Toutes les bestioles citées (Billywig, hypogriffes, etc.) sont inventés ou repris par J.. L'Entre-Deux, par contre, fait partie de mon invention. Parce que même si l'on tient à retracer proprement l'univers de nos sorciers préférés, ça fait toujours du bien de prendre quelques libertés et fantaisies

Je vous souhaite une bonne lecture !


Chapitre IV

But numéro 1 : Trouver le temps !

J'avais cherché la moindre trace de ma famille tout l'été. Hélas, là où aurait du se tenir ma maison ne subsistait qu'un terrain vierge. Je n'avais trouvé mon nom, ni celui de quelconque parent, proche ou éloigné, dans aucun registre.

Je m'assis sur un banc, sous le choc, juste en face de la vacuité qui redéfinissait toute mon existence. Je fixai mon regard sur le terrain non construit où s'épanchaient les ronces et mauvaises herbes. Je n'éprouvais alors que de l'hébétude.

Dans un silence de mort, pendant lequel on aurait pu entendre un Billywig voler, je me levai et agitai négligemment ma baguette. Dans ma position d'attente, je fixai l'objet que je tenais entre les mains.
En bois d'Amourette, avait précisé Ollivander.

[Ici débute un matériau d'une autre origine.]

(* Let $\mathcal{H}$ be a separable complex Hilbert space, $H$ a self-adjoint operator on $\mathcal{H}$, $\hbar>0$ a constant, and $\psi\in\mathcal{H}$ a unit vector in the domain of $H$. For $t\in\mathbb{R}$ let $p(t)=\left|\langle \psi | e^{-\mathrm{i} tH/\hbar}\psi\rangle\right|^2$, and for $\alpha\ge 0$, $\tau\in\mathbb{R}$ and positive integers $N$ let $p_{N,\alpha}(\tau)=p(\tau N^{\alpha-1})^N$. Then: (i) if $0\le \alpha<1/2$, then $\lim_{N\to+\infty}p_{N,\alpha}(\tau)=1$, uniformly in $\tau$ on compact subsets of $\mathbb{R}$; (ii) if $\alpha=1/2$, then $\lim_{N\to+\infty}p_{N,1/2}(\tau)=\exp(-\tau^2/\tau_Z^2)$, uniformly in $\tau$ on compact subsets of $\mathbb{R}$, where $\tau_Z^{-2}=\frac{1}{\hbar^2}\left(\langle H\psi|H\psi\rangle-\langle\psi|H\psi\rangle^2\right)$; (iii) if $1/2<\alpha<1$ and $\psi$ is not an eigenvector of $H$, then $\lim_{N\to+\infty}p_{N,\alpha}(\tau)=0$, uniformly in $\tau$ on compact subsets of $\mathbb{R}\setminus\{0\}$.
   Context: $\langle\cdot|\cdot\rangle$ denotes the inner product of $\mathcal{H}$ (linear in the second argument), and $e^{-\mathrm{i}tH/\hbar}$ is the unitary group generated by $H$ via the spectral theorem. The quantity $\langle H\psi|H\psi\rangle-\langle\psi|H\psi\rangle^2$ is the variance of $H$ in $\psi$; it vanishes exactly when $\psi$ is an eigenvector, in which case $\tau_Z^{-2}=0$ and the formula in (ii) reads $1$. *)

theory Defs
  imports "HOL-Analysis.Analysis"
begin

Je fis une moue : je n'aimais guère ce nom, qui sonnait comme si j'avais des mœurs légères, ou que j'étais du genre à tomber dans la romance naïve. Les baguettes, tout le monde le sait, choisissent leurs propriétaires par affinité.
Amourette…Non, ce nom ne m'inspirait décidément rien de bien sérieux. Mais j'aimais ce bois fauve tacheté. J'aimais ma baguette, ses dix-neuf centimètres (relativement courts, avais-je observé), et son crin de centaure –que le fabricant avait avoué extrêmement difficile et dangereux à acquérir auprès des farouches créatures.

- Eh oh ! Tu vas bouger ton gros derrière d'hypogriffe ?

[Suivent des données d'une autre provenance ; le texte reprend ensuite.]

lemma seq_prob_ge_power:
  assumes "distinct us" "set us \<subseteq> S" "finite S" "\<And>v. v \<in> S \<Longrightarrow> X v \<ge> 0" "\<theta> \<ge> 0"
    and "\<And>j. j < length us \<Longrightarrow> X (us ! j) > 0"
    and "\<And>j. j < length us \<Longrightarrow> X (us ! j) \<ge> \<theta> * (\<Sum>v\<in>S - set (take j us). X v)"
  shows "seq_prob X S us \<ge> \<theta> ^ length us"
  using assms
proof (induction us arbitrary: S)
  case (Cons u us)
  have uS: "u \<in> S" using Cons.prems by auto
  have Xu: "X u > 0" using Cons.prems(6)[of 0] by simp
  have sum_pos: "(\<Sum>v\<in>S. X v) > 0"
    using Xu member_le_sum[of u S X] uS Cons.prems(3,4) by fastforce
  have first: "X u / (\<Sum>v\<in>S. X v) \<ge> \<theta>"
    using Cons.prems(7)[of 0] sum_pos by (simp add: field_simps)
  have rest: "seq_prob X (S - {u}) us \<ge> \<theta> ^ length us"
  proof (rule Cons.IH)
    fix j assume j: "j < length us"
    have "S - {u} - set (take j us) = S - set (take (Suc j) (u # us))" by auto
    then show "\<theta> * (\<Sum>v\<in>S - {u} - set (take j us). X v) \<le> X (us ! j)"
      using Cons.prems(7)[of "Suc j"] j by simp
    show "X (us ! j) > 0" using Cons.prems(6)[of "Suc j"] j by simp
  qed (use Cons.prems in auto)
  have "\<theta> ^ length (u # us) \<le> X u / (\<Sum>v\<in>S. X v) * seq_prob X (S - {u}) us"
    using mult_mono[OF first rest] Cons.prems(5) sum_pos Xu by simp
  then show ?case using uS by simp
qed simp

lemma nice_prob_given_conv_sum:
  "nice_prob_given d p T k n w xs c =
    (\<Sum>us\<in>distinct_lists k {..<n}. if nice_seq (\<lambda>v. conn_weight d p T (w v) c (xs v)) {..<n} us
        then seq_prob (\<lambda>v. conn_weight d p T (w v) c (xs v)) {..<n} us else 0)"
  unfolding nice_prob_given_def Let_def
  by (subst sum.inter_filter[symmetric])
     (auto intro: finite_distinct_lists[unfolded distinct_lists_def] intro!: sum.cong
       simp: distinct_lists_def)

lemma conn_weight_nonneg: "conn_weight d p T wv c x \<ge> 0"
  by (simp add: conn_weight_def)

lemma seq_prob_conn_weight_nonneg: "seq_prob (\<lambda>v. conn_weight d p T (w v) c (xs v)) S us \<ge> 0"
  by (rule seq_prob_nonneg) (simp add: conn_weight_nonneg)

lemma nice_prob_given_nonneg: "nice_prob_given d p T k n w xs c \<ge> 0"
  unfolding nice_prob_given_conv_sum by (intro sum_nonneg) (simp add: seq_prob_conn_weight_nonneg)

lemma nice_prob_given_le_1: "nice_prob_given d p T k n w xs c \<le> 1"
proof -
  let ?X = "\<lambda>v. conn_weight d p T (w v) c (xs v)"
  have "nice_prob_given d p T k n w xs c \<le> (\<Sum>us\<in>distinct_lists k {..<n}. seq_prob ?X {..<n} us)"
    unfolding nice_prob_given_conv_sum by (intro sum_mono) (simp add: seq_prob_conn_weight_nonneg)
  also have "\<dots> \<le> 1" by (rule sum_seq_prob_le_1) (auto simp: conn_weight_nonneg)
  finally show ?thesis .
qed

lemma seq_prob_le_nice_prob_given:
  assumes "us \<in> distinct_lists k {..<n}" "nice_seq (\<lambda>v. conn_weight d p T (w v) c (xs v)) {..<n} us"
  shows "seq_prob (\<lambda>v. conn_weight d p T (w v) c (xs v)) {..<n} us \<le> nice_prob_given d p T k n w xs c"
  unfolding nice_prob_given_conv_sum
  using member_le_sum[OF assms(1), of "\<lambda>us. if nice_seq (\<lambda>v. conn_weight d p T (w v) c (xs v)) {..<n} us
        then seq_prob (\<lambda>v. conn_weight d p T (w v) c (xs v)) {..<n} us else 0"] assms
  by (simp add: finite_distinct_lists seq_prob_conn_weight_nonneg)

Comme à mon habitude la tête ailleurs, je n'avais pas remarqué le bus accordéon aux couleurs du drapeau français qui était arrivé, ni la grosse femme à l'air de bouledogue qui m'avait aboyée dessus. Je jetai un regard noir à l'énergumène qui osait m'insulter pour mes rondeurs. C'était tout de même gonflé de sa part, elle qui n'aurait même pas excité un troll.

- Alors, tu t'bouges ? cracha-t-elle.

Je grinçai des dents, mais gardai un air placide. Après tout, je le savais, j'allais devoir affronter bien pire que cela dans les cachots sombres de Hogwart.

- Pour l'Entre-deux, s'il vous plait, demandai-je avec mon plus grand sourire. La pointe Bretonne, je précisai devant le regard vide de la femme-crapaud qui conduisait.

L'Entre-Deux était un passage reliant l'Angleterre et la France, à l'image du tunnel moldu creusé sous la Manche. Les sorciers ne pouvaient pas prendre le risque de survoler la mer en balais et, lorsque ceux-ci étaient dans l'incapacité de transplaner ou d'avoir recours aux cheminées, empruntaient le tunnel vitreux.
C'était devenu une attraction touristique : autour du tunnel de verre, un sortilège de sécurité permettait à des créatures aquatiques de circuler en toute quiétude dans un certain périmètre. A l'origine passage utilitaire et rapide –grâce à des chariots plutôt expéditifs (et vomitifs) comme l'on en trouve chez Gringotts, il était devenu lieu de ballades et de flâneries, notamment pour les artistes sorciers. De plus en plus de gens l'empruntaient à pieds, déambulant, émerveillés, aussi accoutumés à la magie fussent-ils.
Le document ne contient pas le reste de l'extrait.